Top of GIVEN RECORDS

lemma outer_sq_sum_symmetric:
  "outer_sq (\<Sum>b\<in>B. c b *\<^sub>R b) =
     (\<Sum>b\<in>B. \<Sum>b'\<in>B. (c b * c b' / 2) *\<^sub>R (outer b b' + outer b' b))"
proof -
  have swap: "(\<Sum>b\<in>B. \<Sum>b'\<in>B. (c b * c b') *\<^sub>R outer b' b) = outer_sq (\<Sum>b\<in>B. c b *\<^sub>R b)"
    by (subst sum.swap) (simp add: outer_sq_sum mult.commute)
  have "(\<Sum>b\<in>B. \<Sum>b'\<in>B. (c b * c b' / 2) *\<^sub>R (outer b b' + outer b' b)) =
      (1/2) *\<^sub>R ((\<Sum>b\<in>B. \<Sum>b'\<in>B. (c b * c b') *\<^sub>R outer b b') +
        (\<Sum>b\<in>B. \<Sum>b'\<in>B. (c b * c b') *\<^sub>R outer b' b))"
    by (simp add: scaleR_add_right sum.distrib scaleR_sum_right)
  then show ?thesis
    by (simp add: swap flip: outer_sq_sum)
qed

lemma outer_sq_mult_vector: "outer_sq x *v a = (x \<bullet> a) *\<^sub>R x"
  by (simp add: vec_eq_iff outer_sq_def matrix_vector_mult_def inner_vec_def sum_distrib_left mult_ac)

lemma linear_matrix_vector_mult_left: "linear (\<lambda>M::real^'n^'m. M *v a)"
  by (rule linearI) (simp_all add: matrix_vector_mult_add_rdistrib scaleR_matrix_vector_assoc)

lemma dim_outer_sq_span_le: "dim (outer_sq ` span X) \<le> (dim X + 1) choose 2"
proof -
  obtain B where "B \<subseteq> X" and "independent B" and "X \<subseteq> span B" and cB: "card B = dim X"
    using basis_exists[of X] by metis
  then have fB: "finite B" and spXB: "span X = span B"
    using finiteI_independent span_eq span_superset by blast+
  \<comment> \<open>By polarization the squares of the basis vectors and of the sums of two of them span all
    squares; there are n + (n choose 2) = (n + 1) choose 2 of them.\<close>
  define I where "I = {A. A \<subseteq> B \<and> card A = 1} \<union> {A. A \<subseteq> B \<and> card A = 2}"
  define G where "G = (\<lambda>A. outer_sq (\<Sum>A)) ` I"
  have "card I = card B + (card B choose 2)"
    unfolding I_def by (subst card_Un_disjoint) (use fB in \<open>auto simp: n_subsets\<close>)
  then have cG: "card G \<le> (dim X + 1) choose 2"
    unfolding G_def using cB card_image_le[of I] fB by (simp add: I_def numeral_2_eq_2)
  have square: "outer_sq x \<in> span G" if "x \<in> B" for x
  proof -
    have "{x} \<in> I" using that unfolding I_def by auto
    then show ?thesis unfolding G_def by (auto intro!: span_base image_eqI[where x="{x}"])
  qed
  have sym: "outer x y + outer y x \<in> span G" if "x \<in> B" "y \<in> B" for x y
  proof (cases "x = y")
    case True
    then show ?thesis
      using span_scale[OF square, of x 2] that by (simp add: outer_sq_eq_outer scaleR_2)
  next
    case False
    then have "{x,y} \<in> I" using that unfolding I_def by auto
    then have "outer_sq (x + y) \<in> span G"
      using False unfolding G_def by (auto intro!: span_base image_eqI[where x="{x,y}"])
    then have "outer_sq (x + y) - outer_sq x - outer_sq y \<in> span G"
      using that square by (intro span_diff)
    then show ?thesis by (simp add: outer_sq_add)
  qed
  have "outer_sq ` span X \<subseteq> span G"
  proof
    fix M assume "M \<in> outer_sq ` span X"
    then obtain c where "M = outer_sq (\<Sum>b\<in>B. c b *\<^sub>R b)"
      using spXB span_finite[OF fB] by auto
    also have "\<dots> \<in> span G"
      unfolding outer_sq_sum_symmetric by (intro span_sum span_scale sym) auto
    finally show "M \<in> span G" .
  qed
  moreover have "finite G"
    unfolding G_def I_def using fB by simp
  ultimately have "dim (outer_sq ` span X) \<le> card G"
    by (rule dim_le_card)
  then show ?thesis using cG by (rule order.trans)
qed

Bottom of GIVEN RECORDS

▶ WORK TO BE COMPLETED
Please transcribe the data above without changes, from its first line to its "them span all" line, and leave out anything past that.

▶ OUTPUT
lemma outer_sq_sum_symmetric:
  "outer_sq (\<Sum>b\<in>B. c b *\<^sub>R b) =
     (\<Sum>b\<in>B. \<Sum>b'\<in>B. (c b * c b' / 2) *\<^sub>R (outer b b' + outer b' b))"
proof -
  have swap: "(\<Sum>b\<in>B. \<Sum>b'\<in>B. (c b * c b') *\<^sub>R outer b' b) = outer_sq (\<Sum>b\<in>B. c b *\<^sub>R b)"
    by (subst sum.swap) (simp add: outer_sq_sum mult.commute)
  have "(\<Sum>b\<in>B. \<Sum>b'\<in>B. (c b * c b' / 2) *\<^sub>R (outer b b' + outer b' b)) =
      (1/2) *\<^sub>R ((\<Sum>b\<in>B. \<Sum>b'\<in>B. (c b * c b') *\<^sub>R outer b b') +
        (\<Sum>b\<in>B. \<Sum>b'\<in>B. (c b * c b') *\<^sub>R outer b' b))"
    by (simp add: scaleR_add_right sum.distrib scaleR_sum_right)
  then show ?thesis
    by (simp add: swap flip: outer_sq_sum)
qed

lemma outer_sq_mult_vector: "outer_sq x *v a = (x \<bullet> a) *\<^sub>R x"
  by (simp add: vec_eq_iff outer_sq_def matrix_vector_mult_def inner_vec_def sum_distrib_left mult_ac)

lemma linear_matrix_vector_mult_left: "linear (\<lambda>M::real^'n^'m. M *v a)"
  by (rule linearI) (simp_all add: matrix_vector_mult_add_rdistrib scaleR_matrix_vector_assoc)

lemma dim_outer_sq_span_le: "dim (outer_sq ` span X) \<le> (dim X + 1) choose 2"
proof -
  obtain B where "B \<subseteq> X" and "independent B" and "X \<subseteq> span B" and cB: "card B = dim X"
    using basis_exists[of X] by metis
  then have fB: "finite B" and spXB: "span X = span B"
    using finiteI_independent span_eq span_superset by blast+
  \<comment> \<open>By polarization the squares of the basis vectors and of the sums of two of them span all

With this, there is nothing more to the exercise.